§ **Data records**:
lemma resolvent_eq_resolvent_series:
  assumes "z \<noteq> 0" and "r \<ge> 0" and "x \<in> l2"
  shows "resolvent z r x = resolvent_series z r x"
  unfolding resolvent_def
proof (simp add: \<open>x \<in> l2\<close>, rule the_equality)
  show "resolvent_series z r x \<in> l2 \<and> zmrA z r (resolvent_series z r x) = x"
    using assms by (simp add: resolvent_series_l2(1) zmrA_resolvent_series)
  show "y = resolvent_series z r x" if "y \<in> l2 \<and> zmrA z r y = x" for y
    using that zmrA_injective[OF \<open>z \<noteq> 0\<close>] zmrA_resolvent_series[OF \<open>z \<noteq> 0\<close>] by metis
qed

lemma l2norm_resolvent_le:
  assumes "z \<noteq> 0" and "r \<ge> 0" and "x \<in> l2"
  shows "l2norm (resolvent z r x) \<le> exp (r / cmod z) / cmod z * l2norm x"
  using resolvent_series_l2(2) resolvent_eq_resolvent_series assms by simp

lemma norm_resolvent_series_aligned:
  assumes "z \<noteq> 0" and "r \<ge> 0"
  shows "cmod (resolvent_series z r (\<lambda>j. of_real (cmod (x j)) / sgn z ^ j) n)
    = (\<Sum>j\<le>n. resolvent_kernel (cmod z) r n j * cmod (x j))"
proof -
  have sgn: "sgn z \<noteq> 0" "cmod (sgn z) = 1"
    using assms by (simp_all add: sgn_zero_iff norm_sgn)
  have z: "z = of_real (cmod z) * sgn z"
    using assms by (simp add: sgn_div_norm scaleR_conv_of_real)
  have aligned: "resolvent_series z r (\<lambda>j. of_real (cmod (x j)) / sgn z ^ j) n
      = of_real (\<Sum>j\<le>n. resolvent_kernel (cmod z) r n j * cmod (x j)) / sgn z ^ (n + 1)"
    unfolding resolvent_series_def of_real_sum sum_divide_distrib
  proof (rule sum.cong)
    fix j
    assume "j \<in> {..n}"
    then have "sgn z ^ (n + 1) = sgn z ^ (n - j + 1) * sgn z ^ j"
      by (simp add: power_add[symmetric])
    then show "resolvent_kernel z r n j * (of_real (cmod (x j)) / sgn z ^ j)
        = of_real (resolvent_kernel (cmod z) r n j * cmod (x j)) / sgn z ^ (n + 1)"
      using sgn by (subst z, subst resolvent_kernel_of_real_mult) simp
  qed simp
  have "0 \<le> (\<Sum>j\<le>n. resolvent_kernel (cmod z) r n j * cmod (x j))"
    using assms by (auto intro!: sum_nonneg mult_nonneg_nonneg resolvent_kernel_nonneg)
  then show ?thesis
    unfolding aligned norm_divide norm_power norm_of_real using sgn by simp
qed

lemma resolvent_dominated_by_aligned:
  assumes "z \<noteq> 0" and "0 \<le> r" and "r \<le> r'" and "x \<in> l2"
  obtains x' where "x' \<in> l2" and "l2norm x' = l2norm x"
    and "l2norm (resolvent z r x) \<le> l2norm (resolvent z r' x')"
proof -
  define x' where "x' j = of_real (cmod (x j)) / sgn z ^ j" for j
  have norm_x': "cmod (x' j) = cmod (x j)" for j
    using assms by (simp add: x'_def norm_divide norm_power norm_sgn)
  have "x' \<in> l2"
    using \<open>x \<in> l2\<close> by (simp add: l2_def norm_x')
  moreover have "l2norm x' = l2norm x"
    by (simp add: l2norm_def norm_x')
  moreover have "l2norm (resolvent z r x) \<le> l2norm (resolvent z r' x')"
  proof (rule l2norm_mono)
    show "resolvent z r' x' \<in> l2"
      using assms \<open>x' \<in> l2\<close> by (simp add: resolvent_eq_resolvent_series resolvent_series_l2(1))
    fix n
    have "cmod (resolvent z r x n) \<le> (\<Sum>j\<le>n. resolvent_kernel (cmod z) r n j * cmod (x j))"
      using assms by (simp add: resolvent_eq_resolvent_series norm_resolvent_series_le)
    also have "\<dots> \<le> (\<Sum>j\<le>n. resolvent_kernel (cmod z) r' n j * cmod (x j))"
      using assms by (intro sum_mono mult_right_mono resolvent_kernel_mono) auto
    also have "\<dots> = cmod (resolvent z r' x' n)"
      using assms \<open>x' \<in> l2\<close>
      by (simp add: resolvent_eq_resolvent_series norm_resolvent_series_aligned x'_def[abs_def])
    finally show "cmod (resolvent z r x n) \<le> cmod (resolvent z r' x' n)" .
  qed
  ultimately show ?thesis
    by (rule that)
qed
(* In the M/M/1 setting below, if $\mathbb{E}[W(q^S_s\Lambda)]=W(q^S_s\lambda)$, then $q^S_m\le q^S_s\le q^S_e$.
   Context: Setting: an M/M/1 queue with true (deterministic) Poisson arrival rate $\lambda>0$ and exponential service times with rate $\mu$, so the expected time in system at effective arrival rate $x\in[0,\mu)$ is $W(x)=1/(\mu-x)$. Each served customer receives reward $R$ and incurs waiting cost $C>0$ per unit time, with $R\ge C/\mu$. Customers' beliefs about the arrival rate are described by a non-degenerate nonnegative random variable $\Lambda$ whose support has minimum $\lambda_{\min}$ and maximum $\lambda_{\max}$, with $0\le\lambda_{\min}<\lambda<\lambda_{\max}<\mu$. For $q\in[0,1]$: $\mathrm{Rev}^S(q)=q\lambda\,\mathbb{E}[R-C\,W(q\Lambda)]$ and $\mathrm{SW}^S(q)=q\lambda\,(R-C\,W(q\lambda))$, both strictly concave on $[0,1]$; $q^S_m$ is the maximizer of $\mathrm{Rev}^S$ over $[0,1]$ and $q^S_s$ is the maximizer of $\mathrm{SW}^S$ over $[0,1]$. The individual (no-fee) equilibrium $q^S_e$: if $R-C\,\mathbb{E}[W(\Lambda)]\ge0$ then $q^S_e=1$; otherwise $q^S_e$ is the unique $q\in[0,1]$ with $C\,\mathbb{E}[W(q\Lambda)]=R$. *)

theory Defs
  imports "HOL-Probability.Probability"
begin

text \<open>Expected time in system of an M/M/1 queue with service rate mu at effective arrival rate x.\<close>
definition W :: "real \<Rightarrow> real \<Rightarrow> real" where
  "W mu x = 1 / (mu - x)"

definition supp :: "real measure \<Rightarrow> real set" where
  "supp D = {x. \<forall>e>0. measure D (ball x e) > 0}"

text \<open>Expected revenue (sigma-independent, belief distribution D of Lambda).\<close>
definition RevS :: "real measure \<Rightarrow> real \<Rightarrow> real \<Rightarrow> real \<Rightarrow> real \<Rightarrow> real \<Rightarrow> real" where
  "RevS D lam mu R C q = q * lam * (\<integral>x. (R - C * W mu (q * x)) \<partial>D)"

definition SWS :: "real \<Rightarrow> real \<Rightarrow> real \<Rightarrow> real \<Rightarrow> real \<Rightarrow> real" where
  "SWS lam mu R C q = q * lam * (R - C * W mu (q * lam))"

text \<open>q is the individual (no-fee) equilibrium joining probability.\<close>
definition is_equilibrium :: "real measure \<Rightarrow> real \<Rightarrow> real \<Rightarrow> real \<Rightarrow> real \<Rightarrow> bool" where
  "is_equilibrium D mu R C q \<longleftrightarrow>
     (R - C * (\<integral>x. W mu x \<partial>D) \<ge> 0 \<and> q = 1) \<or>
     (R - C * (\<integral>x. W mu x \<partial>D) < 0 \<and> q \<in> {0..1} \<and> C * (\<integral>x. W mu (q * x) \<partial>D) = R)"

end

theory Submission
  imports Defs
begin
lemma newton_converges: "\<exists>l. th \<longlonglongrightarrow> l \<and> l \<in> cball t0 (2 * g0 / m) \<and> G l = 0"
proof -
  define dl where "dl j = th (Suc j) - th j" for j
  have telescope: "th i = t0 + (\<Sum>j<i. dl j)" for i
    by (induction i) (simp_all add: th0 dl_def)
  have summable: "summable (\<lambda>j. norm (dl j))"
  proof (rule summable_comparison_test[where g="\<lambda>j. g0 / m * (1/2)^j"])
    show "\<exists>N. \<forall>n\<ge>N. norm (norm (dl n)) \<le> g0 / m * (1 / 2) ^ n"
    proof (intro exI allI impI)
      fix n :: nat
      have "norm (dl n) \<le> g0 / m / 2^n" using newton_step_bound by (simp add: dl_def)
      also have "g0 / m / 2^n = g0 / m * (1 / 2) ^ n" by (simp add: power_one_over)
      finally show "norm (norm (dl n)) \<le> g0 / m * (1 / 2) ^ n" by simp
    qed
    show "summable (\<lambda>j. g0 / m * (1 / 2) ^ j)" by (intro summable_mult summable_geometric) simp
  qed
  have conv: "th \<longlonglongrightarrow> t0 + suminf dl"
    unfolding telescope by (intro tendsto_add tendsto_const summable_LIMSEQ summable_norm_cancel[OF summable])
  define l where "l = t0 + suminf dl"
  have l: "l \<in> cball t0 (2 * g0 / m)"
  proof (rule Lim_in_closed_set[OF closed_cball _ _ conv[folded l_def]])
    show "\<forall>\<^sub>F i in sequentially. th i \<in> cball t0 (2 * g0 / m)"
    proof (rule always_eventually, rule allI)
      fix i
      have "2 * g0 / m * (1 - 1 / 2^i) \<le> 2 * g0 / m"
        using mult_left_le[of "1 - 1 / 2^i" "2 * g0 / m"] g0_nonneg m_pos by simp
      then show "th i \<in> cball t0 (2 * g0 / m)"
        using newton_iterates_bounds[of i] by (auto simp: dist_norm norm_minus_commute)
    qed
  qed simp
  have "l \<in> S" using l cball_sub by blast
  then have "(\<lambda>i. G (th i)) \<longlonglongrightarrow> G l"
    using isCont_tendsto_compose[OF has_derivative_continuous[OF has_derivative_G] conv[folded l_def]]
    by blast
  moreover have "(\<lambda>i. G (th i)) \<longlonglongrightarrow> 0"
  proof (rule tendsto_norm_zero_cancel, rule Lim_null_comparison)
    show "\<forall>\<^sub>F i in sequentially. norm (norm (G (th i))) \<le> g0 / 2^i"
      using newton_iterates_bounds by simp
    show "(\<lambda>i. g0 / 2^i) \<longlonglongrightarrow> 0" by (rule LIMSEQ_divide_realpow_zero) simp
  qed
  ultimately have "G l = 0" using LIMSEQ_unique by blast
  then show ?thesis using conv l l_def by blast
qed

§ **Work instructions**:
All lines above from the one holding "z r' x' \<in>" to the one holding "n) \<le> (\<Sum>j\<le>n.", inclusive, are to be copied exactly; no other line is wanted.

§ **Task response**:
    show "resolvent z r' x' \<in> l2"
      using assms \<open>x' \<in> l2\<close> by (simp add: resolvent_eq_resolvent_series resolvent_series_l2(1))
    fix n
    have "cmod (resolvent z r x n) \<le> (\<Sum>j\<le>n. resolvent_kernel (cmod z) r n j * cmod (x j))"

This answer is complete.